Stored data entries:
============

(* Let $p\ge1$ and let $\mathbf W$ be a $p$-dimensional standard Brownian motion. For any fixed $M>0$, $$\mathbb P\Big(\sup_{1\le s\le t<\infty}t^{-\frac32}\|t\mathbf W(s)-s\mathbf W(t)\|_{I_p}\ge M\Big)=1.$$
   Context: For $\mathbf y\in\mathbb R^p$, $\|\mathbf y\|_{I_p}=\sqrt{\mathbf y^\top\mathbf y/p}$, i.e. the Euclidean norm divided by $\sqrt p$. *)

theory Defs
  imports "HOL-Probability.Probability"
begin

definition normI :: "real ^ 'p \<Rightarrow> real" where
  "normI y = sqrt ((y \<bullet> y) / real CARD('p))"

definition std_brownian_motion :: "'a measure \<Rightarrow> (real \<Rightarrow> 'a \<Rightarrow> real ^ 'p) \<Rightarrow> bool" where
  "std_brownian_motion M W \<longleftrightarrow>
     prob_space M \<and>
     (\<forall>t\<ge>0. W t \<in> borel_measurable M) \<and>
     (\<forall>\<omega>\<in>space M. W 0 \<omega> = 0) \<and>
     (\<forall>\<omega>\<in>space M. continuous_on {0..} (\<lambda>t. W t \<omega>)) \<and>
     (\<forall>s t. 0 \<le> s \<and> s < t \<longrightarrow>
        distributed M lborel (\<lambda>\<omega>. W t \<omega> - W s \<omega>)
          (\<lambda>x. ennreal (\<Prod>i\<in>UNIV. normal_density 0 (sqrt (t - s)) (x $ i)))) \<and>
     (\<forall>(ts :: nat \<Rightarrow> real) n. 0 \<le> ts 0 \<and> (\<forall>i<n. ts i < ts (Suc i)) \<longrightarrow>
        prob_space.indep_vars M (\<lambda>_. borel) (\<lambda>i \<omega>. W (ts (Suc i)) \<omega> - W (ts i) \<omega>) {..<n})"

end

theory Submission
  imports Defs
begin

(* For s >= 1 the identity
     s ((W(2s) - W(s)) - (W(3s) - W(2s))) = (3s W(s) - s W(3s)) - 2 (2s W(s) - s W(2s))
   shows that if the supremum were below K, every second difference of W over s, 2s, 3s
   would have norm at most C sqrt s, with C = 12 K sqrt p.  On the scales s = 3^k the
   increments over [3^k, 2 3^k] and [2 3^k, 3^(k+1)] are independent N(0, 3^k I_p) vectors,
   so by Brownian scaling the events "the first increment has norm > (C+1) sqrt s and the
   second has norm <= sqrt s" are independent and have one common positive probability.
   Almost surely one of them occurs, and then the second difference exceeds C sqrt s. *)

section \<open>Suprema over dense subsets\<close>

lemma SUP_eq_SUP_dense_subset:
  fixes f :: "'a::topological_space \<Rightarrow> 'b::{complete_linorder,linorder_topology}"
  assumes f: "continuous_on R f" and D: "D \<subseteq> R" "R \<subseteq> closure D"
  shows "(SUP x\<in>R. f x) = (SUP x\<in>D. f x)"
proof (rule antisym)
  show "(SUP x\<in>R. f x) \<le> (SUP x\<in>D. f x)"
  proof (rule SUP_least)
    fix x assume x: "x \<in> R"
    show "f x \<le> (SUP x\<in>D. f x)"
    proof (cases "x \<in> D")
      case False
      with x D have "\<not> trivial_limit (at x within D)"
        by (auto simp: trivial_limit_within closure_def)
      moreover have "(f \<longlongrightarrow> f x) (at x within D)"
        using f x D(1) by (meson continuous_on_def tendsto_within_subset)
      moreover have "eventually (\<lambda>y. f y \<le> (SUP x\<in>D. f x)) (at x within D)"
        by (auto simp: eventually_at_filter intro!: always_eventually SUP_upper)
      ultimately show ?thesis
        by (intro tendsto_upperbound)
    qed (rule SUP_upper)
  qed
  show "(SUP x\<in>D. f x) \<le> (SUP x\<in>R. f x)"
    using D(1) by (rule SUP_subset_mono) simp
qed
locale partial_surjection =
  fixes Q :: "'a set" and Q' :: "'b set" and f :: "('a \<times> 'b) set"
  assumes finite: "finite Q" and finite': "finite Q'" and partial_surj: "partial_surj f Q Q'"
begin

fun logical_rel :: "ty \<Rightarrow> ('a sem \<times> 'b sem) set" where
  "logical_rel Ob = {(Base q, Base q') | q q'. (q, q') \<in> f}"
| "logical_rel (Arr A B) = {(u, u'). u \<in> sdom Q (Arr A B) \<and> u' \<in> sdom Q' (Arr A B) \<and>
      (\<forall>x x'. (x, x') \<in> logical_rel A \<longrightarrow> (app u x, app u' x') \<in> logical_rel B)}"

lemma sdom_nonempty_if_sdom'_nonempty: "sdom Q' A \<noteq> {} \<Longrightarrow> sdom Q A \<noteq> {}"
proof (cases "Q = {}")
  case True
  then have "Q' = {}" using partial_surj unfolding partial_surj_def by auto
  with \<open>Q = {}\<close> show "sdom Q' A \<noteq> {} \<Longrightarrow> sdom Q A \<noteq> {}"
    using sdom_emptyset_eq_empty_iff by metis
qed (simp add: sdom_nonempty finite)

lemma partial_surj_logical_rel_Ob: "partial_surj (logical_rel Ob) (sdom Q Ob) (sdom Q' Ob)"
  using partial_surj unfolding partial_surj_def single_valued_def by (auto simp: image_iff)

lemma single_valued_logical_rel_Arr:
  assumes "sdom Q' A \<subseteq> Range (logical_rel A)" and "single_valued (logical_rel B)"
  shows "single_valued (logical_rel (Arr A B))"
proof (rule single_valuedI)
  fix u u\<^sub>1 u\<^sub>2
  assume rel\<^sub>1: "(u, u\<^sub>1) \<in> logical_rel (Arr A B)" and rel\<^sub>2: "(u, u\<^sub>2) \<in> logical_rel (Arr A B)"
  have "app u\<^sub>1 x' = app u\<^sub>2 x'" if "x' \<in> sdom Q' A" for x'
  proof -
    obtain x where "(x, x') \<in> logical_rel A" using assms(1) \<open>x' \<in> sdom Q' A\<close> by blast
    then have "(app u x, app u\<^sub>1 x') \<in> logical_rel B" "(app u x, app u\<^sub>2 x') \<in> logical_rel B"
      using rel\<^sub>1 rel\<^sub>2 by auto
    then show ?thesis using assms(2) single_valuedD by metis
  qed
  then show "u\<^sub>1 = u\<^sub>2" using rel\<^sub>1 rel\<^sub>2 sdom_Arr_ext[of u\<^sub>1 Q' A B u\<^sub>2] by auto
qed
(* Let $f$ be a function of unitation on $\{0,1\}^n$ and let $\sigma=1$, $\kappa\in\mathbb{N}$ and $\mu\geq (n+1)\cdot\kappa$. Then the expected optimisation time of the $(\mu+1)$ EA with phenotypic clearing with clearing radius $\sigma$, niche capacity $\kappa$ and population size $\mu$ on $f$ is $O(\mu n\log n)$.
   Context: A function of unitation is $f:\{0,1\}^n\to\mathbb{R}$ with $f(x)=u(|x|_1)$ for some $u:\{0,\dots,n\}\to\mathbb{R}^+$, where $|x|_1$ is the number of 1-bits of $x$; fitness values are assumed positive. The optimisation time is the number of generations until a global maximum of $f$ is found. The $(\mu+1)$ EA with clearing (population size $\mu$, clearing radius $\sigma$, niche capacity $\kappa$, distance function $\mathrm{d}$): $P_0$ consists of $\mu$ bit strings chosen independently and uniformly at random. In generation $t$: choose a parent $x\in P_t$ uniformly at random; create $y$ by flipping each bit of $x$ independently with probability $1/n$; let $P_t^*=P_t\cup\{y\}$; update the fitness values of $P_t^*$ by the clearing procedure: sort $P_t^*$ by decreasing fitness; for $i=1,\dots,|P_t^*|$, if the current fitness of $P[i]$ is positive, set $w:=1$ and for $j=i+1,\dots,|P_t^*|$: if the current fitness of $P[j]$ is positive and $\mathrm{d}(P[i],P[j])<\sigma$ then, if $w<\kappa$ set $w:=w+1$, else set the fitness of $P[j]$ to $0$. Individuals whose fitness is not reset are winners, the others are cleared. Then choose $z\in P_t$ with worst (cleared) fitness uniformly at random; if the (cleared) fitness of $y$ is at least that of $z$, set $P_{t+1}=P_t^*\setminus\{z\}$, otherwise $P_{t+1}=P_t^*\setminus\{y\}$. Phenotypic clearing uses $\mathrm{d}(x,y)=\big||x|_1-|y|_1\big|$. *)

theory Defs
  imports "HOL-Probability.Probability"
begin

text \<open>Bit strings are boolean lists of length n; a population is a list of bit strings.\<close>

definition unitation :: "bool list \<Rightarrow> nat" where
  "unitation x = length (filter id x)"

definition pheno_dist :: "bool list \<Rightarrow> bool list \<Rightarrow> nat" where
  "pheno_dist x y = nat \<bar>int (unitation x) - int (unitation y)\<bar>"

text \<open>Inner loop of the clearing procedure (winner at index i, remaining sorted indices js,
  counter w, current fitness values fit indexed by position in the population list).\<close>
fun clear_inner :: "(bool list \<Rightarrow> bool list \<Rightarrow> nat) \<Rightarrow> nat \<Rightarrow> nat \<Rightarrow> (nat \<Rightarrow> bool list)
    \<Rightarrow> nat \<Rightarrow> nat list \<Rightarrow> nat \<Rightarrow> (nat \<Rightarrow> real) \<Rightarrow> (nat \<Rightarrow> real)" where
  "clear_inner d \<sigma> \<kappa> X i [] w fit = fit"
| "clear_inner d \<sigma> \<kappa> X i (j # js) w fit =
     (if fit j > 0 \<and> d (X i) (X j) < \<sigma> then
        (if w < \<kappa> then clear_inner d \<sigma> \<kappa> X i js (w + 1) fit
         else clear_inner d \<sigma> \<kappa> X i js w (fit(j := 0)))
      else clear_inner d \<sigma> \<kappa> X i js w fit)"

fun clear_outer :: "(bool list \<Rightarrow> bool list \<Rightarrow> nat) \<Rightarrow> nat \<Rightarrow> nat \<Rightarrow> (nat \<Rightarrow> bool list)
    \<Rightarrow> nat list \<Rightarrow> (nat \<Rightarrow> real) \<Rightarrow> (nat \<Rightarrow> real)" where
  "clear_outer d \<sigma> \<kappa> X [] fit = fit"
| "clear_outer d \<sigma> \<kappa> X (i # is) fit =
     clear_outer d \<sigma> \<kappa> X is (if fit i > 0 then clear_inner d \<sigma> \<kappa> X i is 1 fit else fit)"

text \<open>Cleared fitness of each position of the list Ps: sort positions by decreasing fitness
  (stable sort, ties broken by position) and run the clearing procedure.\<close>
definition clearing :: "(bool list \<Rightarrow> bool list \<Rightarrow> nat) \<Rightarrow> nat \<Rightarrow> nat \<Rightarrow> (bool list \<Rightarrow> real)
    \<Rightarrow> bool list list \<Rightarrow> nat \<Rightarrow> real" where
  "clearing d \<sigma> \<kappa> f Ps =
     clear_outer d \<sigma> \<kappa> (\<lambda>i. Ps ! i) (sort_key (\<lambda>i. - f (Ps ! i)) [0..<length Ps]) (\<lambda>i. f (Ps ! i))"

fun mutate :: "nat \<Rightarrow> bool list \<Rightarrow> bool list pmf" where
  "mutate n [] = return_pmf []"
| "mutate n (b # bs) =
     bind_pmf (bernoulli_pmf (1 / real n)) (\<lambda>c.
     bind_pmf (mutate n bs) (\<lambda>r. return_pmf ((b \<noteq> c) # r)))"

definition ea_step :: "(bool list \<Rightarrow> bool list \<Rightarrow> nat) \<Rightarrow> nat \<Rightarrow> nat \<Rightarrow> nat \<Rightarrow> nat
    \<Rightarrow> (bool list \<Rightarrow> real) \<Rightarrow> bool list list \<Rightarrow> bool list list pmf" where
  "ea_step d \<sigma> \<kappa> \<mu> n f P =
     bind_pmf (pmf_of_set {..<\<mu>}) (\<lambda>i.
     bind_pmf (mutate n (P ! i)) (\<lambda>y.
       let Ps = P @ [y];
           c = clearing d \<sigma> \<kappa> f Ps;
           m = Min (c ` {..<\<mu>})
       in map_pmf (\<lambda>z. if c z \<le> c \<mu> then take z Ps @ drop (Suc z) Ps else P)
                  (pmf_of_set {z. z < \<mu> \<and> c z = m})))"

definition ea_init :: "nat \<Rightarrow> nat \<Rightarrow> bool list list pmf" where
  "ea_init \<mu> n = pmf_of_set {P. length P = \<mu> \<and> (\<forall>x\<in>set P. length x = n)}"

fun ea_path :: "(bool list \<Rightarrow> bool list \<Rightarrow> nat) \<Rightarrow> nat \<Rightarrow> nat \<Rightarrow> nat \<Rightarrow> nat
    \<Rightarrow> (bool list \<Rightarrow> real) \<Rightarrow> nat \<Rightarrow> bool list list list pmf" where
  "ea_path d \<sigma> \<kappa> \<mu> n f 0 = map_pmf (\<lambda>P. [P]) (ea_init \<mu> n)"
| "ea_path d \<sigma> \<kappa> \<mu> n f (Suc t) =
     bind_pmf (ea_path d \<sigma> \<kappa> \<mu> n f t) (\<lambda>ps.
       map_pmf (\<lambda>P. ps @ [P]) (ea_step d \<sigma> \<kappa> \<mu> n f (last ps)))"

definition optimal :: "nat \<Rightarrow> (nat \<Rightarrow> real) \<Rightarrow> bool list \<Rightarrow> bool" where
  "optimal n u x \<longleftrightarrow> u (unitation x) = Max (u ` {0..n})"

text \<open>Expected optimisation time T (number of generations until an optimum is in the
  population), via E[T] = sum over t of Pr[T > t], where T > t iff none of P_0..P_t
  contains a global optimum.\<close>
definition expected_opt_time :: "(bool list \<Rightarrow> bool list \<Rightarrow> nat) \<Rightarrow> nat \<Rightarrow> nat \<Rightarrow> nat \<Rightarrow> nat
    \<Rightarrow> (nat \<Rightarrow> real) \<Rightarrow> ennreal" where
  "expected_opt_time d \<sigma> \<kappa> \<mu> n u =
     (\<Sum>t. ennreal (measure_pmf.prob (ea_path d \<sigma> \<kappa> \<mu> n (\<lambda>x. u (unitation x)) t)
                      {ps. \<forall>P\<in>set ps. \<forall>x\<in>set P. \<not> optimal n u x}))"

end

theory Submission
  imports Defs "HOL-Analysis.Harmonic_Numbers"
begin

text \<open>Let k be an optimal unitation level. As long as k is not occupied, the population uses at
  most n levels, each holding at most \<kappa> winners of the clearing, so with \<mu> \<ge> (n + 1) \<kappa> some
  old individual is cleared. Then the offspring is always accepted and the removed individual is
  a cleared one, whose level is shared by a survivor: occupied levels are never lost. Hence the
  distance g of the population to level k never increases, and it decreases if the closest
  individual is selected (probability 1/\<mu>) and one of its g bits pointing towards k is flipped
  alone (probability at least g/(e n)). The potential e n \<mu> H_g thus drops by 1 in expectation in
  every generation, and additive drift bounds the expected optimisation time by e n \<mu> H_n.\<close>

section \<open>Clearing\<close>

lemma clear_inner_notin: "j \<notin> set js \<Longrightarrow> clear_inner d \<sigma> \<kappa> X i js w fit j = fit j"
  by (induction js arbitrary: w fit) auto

============

» **Problem to work on**: The total, and only the total: count the lines above that contain "distance".

» **Solved problem**: 2